Where, as here, a party is proceeding pro se, the court is to liberally construe his pleadings. Casanova, 595 F.3d at 1125. "But the court [is] not [to] 'assume the role of advocate for the pro se litigant.'" Baker v. Holt, 498 F. App'x 770, 772 (10th Cir. 2012) (unpublished) (quoting Hall v. Bellmon, 935 F.2d 1106, 1110 (10th Cir.1991)). In other words, "[t]he broad reading of the plaintiff's complaint does not relieve the plaintiff of the burden of alleging sufficient facts on which a recognized legal claim could be based." Hall, 935 F.2d at 1110.
IV. ANALYSIS
A. PLAINTIFF'S MOTION TO AMEND
In simple terms, Plaintiff's Amended Complaint alleges that his incarceration for 53 days without ever being taken to court violated his constitutional rights, and he seeks to hold liable the arresting officer, the prosecutor, and the jailer in their official capacities, as well as the departments and municipal entities to which they belong. Because Plaintiff alleges that he was imprisoned without a court order and never prosecuted, the Court reads his allegations as giving rise to a Fourth Amendment false imprisonment claim and not a Fourteenth Amendment due process claim. Myers v. Koopman, 738 F.3d 1190, 1194, n. 3 (10th Cir. 2013) ("Unreasonable seizures imposed without legal process precipitate Fourth Amendment false imprisonment claims," whereas "[u]nreasonable seizures imposed with legal process precipitate Fourth Amendment malicious-prosecution claims," and may give rise to Fourteenth Amendment malicious prosecution claims where a state remedy is unavailable.); Chavez v. County of Bernalillo, 3 F.Supp.3d 936, 993 (D.N.M. 2014) (construing claims against jailer arising from detention pursuant to quashed bench warrant as false arrest and false imprisonment where plaintiff's arguments "rest[ed] on a lack of legal process, namely, a valid warrant."). Because Plaintiff's official capacity claims are redundant and he fails to state a claim against the City or County, the undersigned recommends that his Motion to Amend (doc. 25) be DENIED on futility grounds.
1. Plaintiff's Amended Complaint does not state a proper claim against Defendants Sennett, Rustin, Brandenberg, APD, or MDC.
Suits against individuals in their official capacities are construed as suits against the governmental entity itself. Hafer v. Melo, 502 U.S. 21, 25 (1991).
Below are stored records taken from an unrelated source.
(* Let $d$ be a positive square-free integer, $K=\mathbb{Q}(\sqrt{-d})$, $\mathcal{O}$ its ring of integers, $R$ the set of roots of unity in $K$, $K_1=\{z\in K: z\overline z=1\}$, and $F(d)=\min_{z\in K_1\setminus R}d(z)$. Let $\mathcal{J}$ be the set of proper nonzero ideals $\pi$ of $\mathcal{O}$ such that $\pi$ and $\overline\pi$ are coprime and $\pi^2$ is principal. Then $$F(d)=\min_{\pi\in\mathcal{J}}N_{K/\mathbb{Q}}(\pi).$$ In particular $F(1)=5$ and $F(3)=7$.
   Context: For $z\in K^*$, $\pi_z=\{a\in\mathcal{O}: az\in\mathcal{O}\}$ and $d(z)=N_{K/\mathbb{Q}}(\pi_z)=\mathrm{Card}\,\mathcal{O}/\pi_z$. $\overline{\pi}$ denotes the complex conjugate ideal. *)

theory Defs
  imports "HOL-Analysis.Analysis" "HOL-Computational_Algebra.Computational_Algebra"
begin

definition QF :: "nat \<Rightarrow> complex set" where
  "QF d = {of_rat a + of_rat b * (\<i> * complex_of_real (sqrt (real d))) | a b. True}"

definition OK :: "nat \<Rightarrow> complex set" where
  "OK d = {x \<in> QF d. algebraic_int x}"

definition roots_unity :: "nat \<Rightarrow> complex set" where
  "roots_unity d = {z \<in> QF d. \<exists>n>0. z ^ n = 1}"

definition K1 :: "nat \<Rightarrow> complex set" where
  "K1 d = {z \<in> QF d. z * cnj z = 1}"

definition is_ideal :: "nat \<Rightarrow> complex set \<Rightarrow> bool" where
  "is_ideal d I \<longleftrightarrow> I \<subseteq> OK d \<and> 0 \<in> I \<and> (\<forall>x\<in>I. \<forall>y\<in>I. x + y \<in> I)
     \<and> (\<forall>a\<in>OK d. \<forall>x\<in>I. a * x \<in> I)"

definition ideal_gen :: "nat \<Rightarrow> complex set \<Rightarrow> complex set" where
  "ideal_gen d S = \<Inter>{I. is_ideal d I \<and> S \<subseteq> I}"

definition ideal_mult :: "nat \<Rightarrow> complex set \<Rightarrow> complex set \<Rightarrow> complex set" where
  "ideal_mult d I J = ideal_gen d {x * y | x y. x \<in> I \<and> y \<in> J}"

definition principal :: "nat \<Rightarrow> complex set \<Rightarrow> bool" where
  "principal d I \<longleftrightarrow> (\<exists>a\<in>OK d. I = {a * x | x. x \<in> OK d})"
Thus, official capacity claims that also name the governmental entity to which the official belongs are redundant and the named officials may therefore be dismissed. See, e.g., Starrett v. Wadley, 876 F.2d 808, 813 (10th Cir. 1989) (despite presence of official capacity claim, "the appeal effectively is between only two parties: the County and plaintiff"); Houston v. Reich, 932 F.2d 883, 889 (10th Cir. 1991); Doe v. Douglas Cnty. Sch. Dist., 775 F. Supp. 1414, 1416 (D. Colo. 1991) ("redundant" official capacity claim dismissed); Jungels v. Pierce, 825 F.2d 1127 (7th Cir. 1987) (whenever a complaint names both a municipality and one of its officials sued only in his official capacity, "there is only one defendant—the City—not two"). Plaintiff's Amended Complaint seeks to bring the same claims against Defendants Sennett, Rustin, and Brandenberg in their official capacity, and against the City of Albuquerque and the County of Bernalillo. See doc. 25 at 8-9. As such, Plaintiff's putative official capacity claims against Sennett, Rustin and Brandenberg are redundant of his putative claim against the municipal entities. Thus, the putative official capacity claims against Sennett, Rustin and Brandenberg are subject to dismissal.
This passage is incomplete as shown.